◆ Exercise directions
Each line in the entries below that holds the word "restrict" belongs in the answer.

Segment Open

(* Let $\mathcal D$ be a $2$-$(v,k,\lambda)$ design admitting a flag-transitive point-imprimitive automorphism group $G$ preserving a nontrivial partition $\Sigma$ of the point set into $v_1$ classes of size $v_0$, and let $k_0,k_1,\mathcal D_0$ be as in the context. Then $v_0>k_0\ge2$, and one of the following holds: (1) $k_0=2$, $v=(v_0-1)(2k_1-1)+1$, and $G_\Delta^\Delta$ is $2$-transitive on $\Delta$; (2) $3\le k_0\le v_0-2$ and $\mathcal D_0$ is a $2$-design; (3) $3\le k_0=v_0-1$, $\mathcal D_0$ is a $1$-design, and $k=t(v_0-2)+1$, $v=t(v_0-1)+1$ for some integer $t\ge2$.
   Context: By the Camina–Zieschang theorem, in this situation there is a constant $k_0\ge 2$ such that every block meets every class $\Delta\in\Sigma$ in either $0$ or $k_0$ points; $k_0$ divides $k$, $k_1=k/k_0$ is the number of classes met by any block, and $\frac{v-1}{k-1}=\frac{v_0-1}{k_0-1}$. For $\Delta\in\Sigma$, $\mathcal D_0=\mathcal D_\Delta$ is the incidence structure with point set $\Delta$ and blocks the nonempty sets $B\cap\Delta$ ($B$ a block of $\mathcal D$); it is either a symmetric $1$-design with $k_0=v_0-1$ or a $2$-$(v_0,k_0,\lambda_0)$ design, and $G_\Delta^\Delta$ (the permutation group induced on $\Delta$ by its setwise stabilizer $G_\Delta$) acts flag-transitively on it. *)

theory Defs
  imports Main "HOL-Algebra.Bij"
begin

definition design2 :: "'a set \<Rightarrow> 'a set set \<Rightarrow> nat \<Rightarrow> nat \<Rightarrow> nat \<Rightarrow> bool" where
  "design2 P Bs v k lam \<longleftrightarrow> finite P \<and> card P = v \<and> (\<forall>B\<in>Bs. B \<subseteq> P \<and> card B = k) \<and> lam > 0 \<and>
     (\<forall>x\<in>P. \<forall>y\<in>P. x \<noteq> y \<longrightarrow> card {B\<in>Bs. x \<in> B \<and> y \<in> B} = lam)"

definition design1 :: "'a set \<Rightarrow> 'a set set \<Rightarrow> nat \<Rightarrow> nat \<Rightarrow> nat \<Rightarrow> bool" where
  "design1 P Bs v k r \<longleftrightarrow> finite P \<and> card P = v \<and> (\<forall>B\<in>Bs. B \<subseteq> P \<and> card B = k) \<and> r > 0 \<and>
     (\<forall>x\<in>P. card {B\<in>Bs. x \<in> B} = r)"

definition aut_group :: "('a \<Rightarrow> 'a) set \<Rightarrow> 'a set \<Rightarrow> 'a set set \<Rightarrow> bool" where
  "aut_group G P Bs \<longleftrightarrow> subgroup G (BijGroup P) \<and> (\<forall>g\<in>G. \<forall>B\<in>Bs. g ` B \<in> Bs)"

definition flag_transitive :: "('a \<Rightarrow> 'a) set \<Rightarrow> 'a set set \<Rightarrow> bool" where
  "flag_transitive G Bs \<longleftrightarrow> (\<forall>B\<in>Bs. \<forall>C\<in>Bs. \<forall>x\<in>B. \<forall>y\<in>C. \<exists>g\<in>G. g x = y \<and> g ` B = C)"
lemma unit_closed: "u \<in> Q"
  using is_loop by (simp add: is_loop_def)

lemma mult_closed: "a \<in> Q \<Longrightarrow> b \<in> Q \<Longrightarrow> m a b \<in> Q"
  using is_loop by (simp add: is_loop_def)

lemma left_unit: "a \<in> Q \<Longrightarrow> m u a = a"
  using is_loop by (simp add: is_loop_def)

lemma right_unit: "a \<in> Q \<Longrightarrow> m a u = a"
  using is_loop by (simp add: is_loop_def)

lemma bij_left_translation: "a \<in> Q \<Longrightarrow> bij_betw (\<lambda>b. m a b) Q Q"
  using is_loop by (simp add: is_loop_def)

lemma bij_right_translation: "a \<in> Q \<Longrightarrow> bij_betw (\<lambda>b. m b a) Q Q"
  using is_loop by (simp add: is_loop_def)

lemma left_cancel: "a \<in> Q \<Longrightarrow> b \<in> Q \<Longrightarrow> c \<in> Q \<Longrightarrow> m a b = m a c \<Longrightarrow> b = c"
  using bij_left_translation[of a] by (auto simp: bij_betw_def inj_on_def)

lemma left_division:
  assumes "a \<in> Q" "b \<in> Q" obtains t where "t \<in> Q" "m a t = b"
  using bij_left_translation[OF assms(1)] assms(2) unfolding bij_betw_def by (metis imageE)

lemma lmap_Bij: "a \<in> Q \<Longrightarrow> lmap Q m a \<in> Bij Q"
  using bij_left_translation[of a] unfolding Bij_def lmap_def
  by (simp add: bij_betw_cong[of Q "restrict (\<lambda>b. m a b) Q" "\<lambda>b. m a b"])

lemma rmap_Bij: "a \<in> Q \<Longrightarrow> rmap Q m a \<in> Bij Q"
  using bij_right_translation[of a] unfolding Bij_def rmap_def
  by (simp add: bij_betw_cong[of Q "restrict (\<lambda>b. m b a) Q" "\<lambda>b. m b a"])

Segment Closed

◆ Output
  by (simp add: bij_betw_cong[of Q "restrict (\<lambda>b. m a b) Q" "\<lambda>b. m a b"])
  by (simp add: bij_betw_cong[of Q "restrict (\<lambda>b. m b a) Q" "\<lambda>b. m b a"])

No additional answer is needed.